On Friday August 17 at 12:00
New exhibition opening in Barbur
Coerced Choice

Participating in the show: Ariella Azoulay, Eitan Bouganim, Hanna Ben Haim, Noa Ben Shalom, Lilah Bar Ami, Vered Dror, Yossi Davara, Lea Golda Holterman, Nitsan Hammerman, Yoav Weiss, Masha Zusman, Nili Tal, Galia Yahav, Arie Kan, Nomi Levenkron, Linda S., Lauren Milek, Avi Sabah, Yanai Segal, Noam Fridman, Eilat Zin, Hagit Keysar, Annette Kleinfeld Lissauer, Shula Keshet, Uri Radovan, Atalia Shachar, Roee Rosen, Ayelet Shimoni, Hotline for Migrant Workers, “We are worthy”, Awareness Center (Machon Toda`a)
Our thanks to: Idan Halili, Linda S., Dr. Orit Kamir, Dr. Ariella Azoulay, Roee Rozen, Dr. Zvi Triger, Eitan Shoker, Liad Kantarovich, Dr. Esther Eilam, Idit Harel Shemesh, Galia Yahav, Shula Keshet, Elad Orian, Oded Yedaya, Rotem Levy, Yotam Feldman, “Ahoti” movement, Hebrew University Law Department, The Israely Center of Digital Art in Holon, Bezalel Art Academy.
Special thanks to Att. Nomi Levenkron
The sheer scope of the phenomenon of prostitution is enormous. Thousands of women are trafficked as goods. There are Hundreds of thousands of consumers of sexual services and many millions of Shekels change hands regularly through the purchase of sex. Prostitution is a constant absent-presence in our daily lives. Language is saturated with it and so is art but those playing an active part in real sex trafficking, men and women are concealed from the public arena. They walk among us invisible, they are always someone else, distant and hidden. Prostitutes, by definition, are subject to harsh social stigma and are excluded from the everyday, proper and sane order of society and are catalogued as the embodiment of all that is evil, weak and rotten. They are always tagged as others – “Russians”, drug addicts, transvestites… however an in-depth look reveals a much more diverse picture. Some prostitutes are from Moldova, others are born Israelis, some are junkies living on the street but some are women who earn as much as any well-paid public official. Whether they express that they chose prostitution willingly or whether they were forced into it by coercion, violence or any other form of mental or economical distress, they are forced to live with the stain of public denouncement that will be with them for the rest of their lives. Those who consume sexual services are also hidden from the public eye or are often represented in the form of others – Arabs, orthodox Jews or foreign labor workers. Here again, further research reveals that sex clients can be found anywhere on the spectrum of Israeli society – Immigrants, born Israelis, secular, religious, menial laborers, executives, free-lance professionals and celebrities.. All of them frequent prostitutes. In view of all this our society’s attitudes towards prostitution are two-faced. The sex worker is a prostitute, i.e. cursed, but the sex client is a customer and as such seems to be operating within his rights, the same as any other client in a normative consumer culture.

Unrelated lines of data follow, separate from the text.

theorem mainTheorem6:
  fixes f :: "nat \<Rightarrow> nat \<Rightarrow> 'a::euclidean_space \<Rightarrow> real"
    and g :: "nat \<Rightarrow> nat \<Rightarrow> 'a \<Rightarrow> 'a"
    and M n :: nat and L \<gamma> :: real and xt xs :: 'a
  assumes M_pos: "M \<ge> 1" and n_pos: "n \<ge> 1" and L_pos: "L > 0"
    and grad: "\<And>m i x. m < M \<Longrightarrow> i < n \<Longrightarrow>
                 (f m i has_derivative (\<lambda>h. g m i x \<bullet> h)) (at x)"
    and cvx: "\<And>m i. m < M \<Longrightarrow> i < n \<Longrightarrow> convex_on UNIV (f m i)"
    and smooth: "\<And>m i x y. m < M \<Longrightarrow> i < n \<Longrightarrow>
                 norm (g m i x - g m i y) \<le> L * norm (x - y)"
    and minimizer: "\<And>y. (1 / real M) * (\<Sum>m<M. (1 / real n) * (\<Sum>i<n. f m i xs))
                       \<le> (1 / real M) * (\<Sum>m<M. (1 / real n) * (\<Sum>i<n. f m i y))"
    and gamma_pos: "\<gamma> > 0" and gamma_le: "\<gamma> \<le> 1 / (2 * L * real n)"
  shows "(1 / (real M * real n)) *
           (\<Sum>m<M. \<Sum>i<n. measure_pmf.expectation (unif_perm n)
               (\<lambda>\<pi>. (norm (xt - local_iter \<gamma> (g m) \<pi> xt i))\<^sup>2))
         \<le> 8 * \<gamma>\<^sup>2 * (real n)\<^sup>2 * L *
              ((1 / real M) * (\<Sum>m<M. (1 / real n) * (\<Sum>i<n. f m i xt))
               - (1 / real M) * (\<Sum>m<M. (1 / real n) * (\<Sum>i<n. f m i xs)))
           + 2 * \<gamma>\<^sup>2 * (real n)\<^sup>2 * ((1 / real M) *
                (\<Sum>m<M. (norm ((1 / real n) *\<^sub>R (\<Sum>i<n. g m i xs)))\<^sup>2))
           + 2 * \<gamma>\<^sup>2 * real n * ((1 / real M) *
                (\<Sum>m<M. (1 / real n) * (\<Sum>i<n. (norm (g m i xs))\<^sup>2)))"
    (is "?lhs \<le> ?rhs")
proof -
  define F where "F y = (1 / real M) * (\<Sum>m<M. (1 / real n) * (\<Sum>i<n. f m i y))" for y
  define GF where "GF y = (1 / real M) *\<^sub>R (\<Sum>m<M. (1 / real n) *\<^sub>R (\<Sum>i<n. g m i y))" for y
  define E where "E m = (1 / real n) * (\<Sum>i<n. measure_pmf.expectation (unif_perm n)
                    (\<lambda>\<pi>. (norm (xt - local_iter \<gamma> (g m) \<pi> xt i))\<^sup>2))" for m
  define b where "b m = (1 / real n) * (\<Sum>i<n. bregman (f m i) (g m i) xt xs)" for m
  define N where "N m = (norm ((1 / real n) *\<^sub>R (\<Sum>i<n. g m i xs)))\<^sup>2" for m
  define \<sigma> where "\<sigma> m = (1 / real n) * (\<Sum>i<n. (norm (g m i xs))\<^sup>2)" for m
  have "(F has_derivative (\<lambda>v. GF xs \<bullet> v)) (at xs)"
    unfolding F_def GF_def
    by (auto intro!: derivative_eq_intros grad simp: inner_sum_left sum_distrib_left)
  then have "bregman F GF xt xs = F xt - F xs"
    by (rule bregman_eq_gap_at_minimum) (unfold F_def, rule minimizer)
  moreover have "bregman F GF xt xs = (1 / real M) * (\<Sum>m<M. b m)"
    by (simp add: b_def F_def GF_def bregman_def sum_subtractf inner_sum_left sum_distrib_left
        diff_divide_distrib sum_divide_distrib mult.commute)
  ultimately have bregman_avg: "(1 / real M) * (\<Sum>m<M. b m) = F xt - F xs"
    by simp
  have "\<gamma> * L * real n \<le> 1 / 2"
    using gamma_le L_pos n_pos by (simp add: field_simps)
  then have client: "E m \<le> 8 * \<gamma>\<^sup>2 * (real n)\<^sup>2 * L * b m + 2 * \<gamma>\<^sup>2 * (real n)\<^sup>2 * N m
      + 2 * \<gamma>\<^sup>2 * real n * \<sigma> m" if "m < M" for m
    unfolding E_def b_def N_def \<sigma>_def using gamma_pos L_pos
    by (intro expectation_local_iter_deviation_le_bregman grad cvx smooth that) auto
  have "?lhs = (1 / real M) * (\<Sum>m<M. E m)"
    by (simp add: E_def sum_distrib_left)
  also have "\<dots> \<le> (1 / real M) * (\<Sum>m<M. 8 * \<gamma>\<^sup>2 * (real n)\<^sup>2 * L * b m
      + 2 * \<gamma>\<^sup>2 * (real n)\<^sup>2 * N m + 2 * \<gamma>\<^sup>2 * real n * \<sigma> m)"
    using client by (intro mult_left_mono sum_mono) auto
  also have "\<dots> = 8 * \<gamma>\<^sup>2 * (real n)\<^sup>2 * L * ((1 / real M) * (\<Sum>m<M. b m))
      + 2 * \<gamma>\<^sup>2 * (real n)\<^sup>2 * ((1 / real M) * (\<Sum>m<M. N m))
      + 2 * \<gamma>\<^sup>2 * real n * ((1 / real M) * (\<Sum>m<M. \<sigma> m))"
    unfolding sum.distrib sum_distrib_left[symmetric] by (simp add: algebra_simps)
  also have "\<dots> = ?rhs"
    unfolding bregman_avg F_def N_def \<sigma>_def ..
  finally show ?thesis .
qed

The public debate over prostitution suffers from the same concealment and double standard. On the one hand it touches, on the practical as well as philosophical level, on serious questions from our daily lives – what is allowed and what isn’t? What are the limits of our personal rights and freedoms? On the other hand it suffers sweeping and often binary generalizations as a result of a single and fixed viewpoint that seeks a single solution – legalization or eradication. For the most part the voices of the sex workers themselves are absent from the debate.
This exhibition is an attempt to portray at least a fraction of this complex subject while shifting the focus from the sexy and seductive imagery to the social mechanisms that enable the concealment of the daily plight of sex workers from the public agenda, and the driving force behind prostitution and sex trafficking, i.e. the clients. We have attempted to cast a sensitive gaze that will attain a certain complexity. A look that will not subjugate itself to moralistic dichotomies but that at the same time will reflect the very real pain and suffering that exist both in the street and the luxury apartment.
One thing that seems to be certain is that society is responsible for the condition that its prostitutes are in, that is to say the condition and well being of the real people behind the labels. At the moment our society is hypocritical in its attitudes towards prostitution and prostitutes. Society’s responsibility is to try and fight stigmas and to include sex workers as equals who deserve equal rights, and to work towards the creation of social and economical conditions that will enable, perhaps in the future, a possible discussion about free choice for the women who choose to sell their body as a livelihood.
The real question is how to translate this complex and sensitive gaze into action, deeds and decision.